Segment Start: Entries supplied

definition hamel_space :: "('c::linordered_field, 'g::ab_group_add) hstruct \<Rightarrow> bool" where
  "hamel_space H = (vector_space (smul H)
     \<and> ordered_vs (smul H) (lt0 H) \<and> ordered_vs (smul H) (lt1 H)
     \<and> (\<forall>x. val H x = None \<longleftrightarrow> x = 0)
     \<and> (\<forall>x y. ext_le (lt0 H) (ext_min (lt0 H) (val H x) (val H y)) (val H (x + y)))
     \<and> (\<forall>c x. c \<noteq> 0 \<longrightarrow> val H (smul H c x) = val H x)
     \<and> (\<forall>x y. lt1 H 0 x \<longrightarrow> lt1 H x y \<longrightarrow> ext_le (lt0 H) (val H y) (val H x))
     \<and> (\<forall>x. (case val H x of None \<Rightarrow> True | Some y \<Rightarrow> val H y = Some y))
     \<and> (\<forall>x. ext_lt (lt1 H) (Some 0) (val H x)))"

text \<open>Bounds in G with -infinity / +infinity: None stands for the infinite bound.\<close>
definition above :: "('g \<Rightarrow> 'g \<Rightarrow> bool) \<Rightarrow> 'g option \<Rightarrow> 'g \<Rightarrow> bool" where
  "above lt a z = (case a of None \<Rightarrow> True | Some a' \<Rightarrow> lt a' z)"
definition below :: "('g \<Rightarrow> 'g \<Rightarrow> bool) \<Rightarrow> 'g \<Rightarrow> 'g option \<Rightarrow> bool" where
  "below lt z b = (case b of None \<Rightarrow> True | Some b' \<Rightarrow> lt z b')"
definition bounds_ok :: "('g \<Rightarrow> 'g \<Rightarrow> bool) \<Rightarrow> 'g option \<Rightarrow> 'g option \<Rightarrow> bool" where
  "bounds_ok lt a b = (case (a, b) of (Some a', Some b') \<Rightarrow> lt a' b' | _ \<Rightarrow> True)"

definition independent :: "('c, 'g) hstruct \<Rightarrow> bool" where
  "independent H = (\<forall>a0 b0 a1 b1. bounds_ok (lt0 H) a0 b0 \<longrightarrow> bounds_ok (lt1 H) a1 b1 \<longrightarrow>
      (\<exists>z. above (lt0 H) a0 z \<and> below (lt0 H) z b0 \<and> above (lt1 H) a1 z \<and> below (lt1 H) z b1))"

definition dense :: "('c, 'g) hstruct \<Rightarrow> bool" where
  "dense H = (\<forall>a b. lt0 H a b \<longrightarrow>
      (\<exists>c. ext_lt (lt0 H) (Some a) (val H c) \<and> ext_lt (lt0 H) (val H c) (Some b)))"

definition model_Tham :: "('c::linordered_field, 'g::ab_group_add) hstruct \<Rightarrow> bool" where
  "model_Tham H = (hamel_space H \<and> independent H \<and> dense H)"

datatype ('c, 'g) trm =
    Var nat | Zero | Infty | Plus "('c, 'g) trm" "('c, 'g) trm"
  | Scal 'c "('c, 'g) trm" | Vt "('c, 'g) trm" | Par "'g option"

datatype ('c, 'g) fml =
    Eq "('c, 'g) trm" "('c, 'g) trm" | Less0 "('c, 'g) trm" "('c, 'g) trm"
  | Less1 "('c, 'g) trm" "('c, 'g) trm"
  | Neg "('c, 'g) fml" | Conj "('c, 'g) fml" "('c, 'g) fml" | Ex nat "('c, 'g) fml"

primrec tparams :: "('c, 'g) trm \<Rightarrow> 'g option set" where
  "tparams (Var k) = {}" | "tparams Zero = {}" | "tparams Infty = {}"
| "tparams (Plus s t) = tparams s \<union> tparams t" | "tparams (Scal c t) = tparams t"
| "tparams (Vt t) = tparams t" | "tparams (Par p) = {p}"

Segment End: Entries supplied

Write down again the exact lines running from the beginning of the data to the line containing "text \<open>Bounds in", with both ends included.

§ Answer to the problem:
definition hamel_space :: "('c::linordered_field, 'g::ab_group_add) hstruct \<Rightarrow> bool" where
  "hamel_space H = (vector_space (smul H)
     \<and> ordered_vs (smul H) (lt0 H) \<and> ordered_vs (smul H) (lt1 H)
     \<and> (\<forall>x. val H x = None \<longleftrightarrow> x = 0)
     \<and> (\<forall>x y. ext_le (lt0 H) (ext_min (lt0 H) (val H x) (val H y)) (val H (x + y)))
     \<and> (\<forall>c x. c \<noteq> 0 \<longrightarrow> val H (smul H c x) = val H x)
     \<and> (\<forall>x y. lt1 H 0 x \<longrightarrow> lt1 H x y \<longrightarrow> ext_le (lt0 H) (val H y) (val H x))
     \<and> (\<forall>x. (case val H x of None \<Rightarrow> True | Some y \<Rightarrow> val H y = Some y))
     \<and> (\<forall>x. ext_lt (lt1 H) (Some 0) (val H x)))"

text \<open>Bounds in G with -infinity / +infinity: None stands for the infinite bound.\<close>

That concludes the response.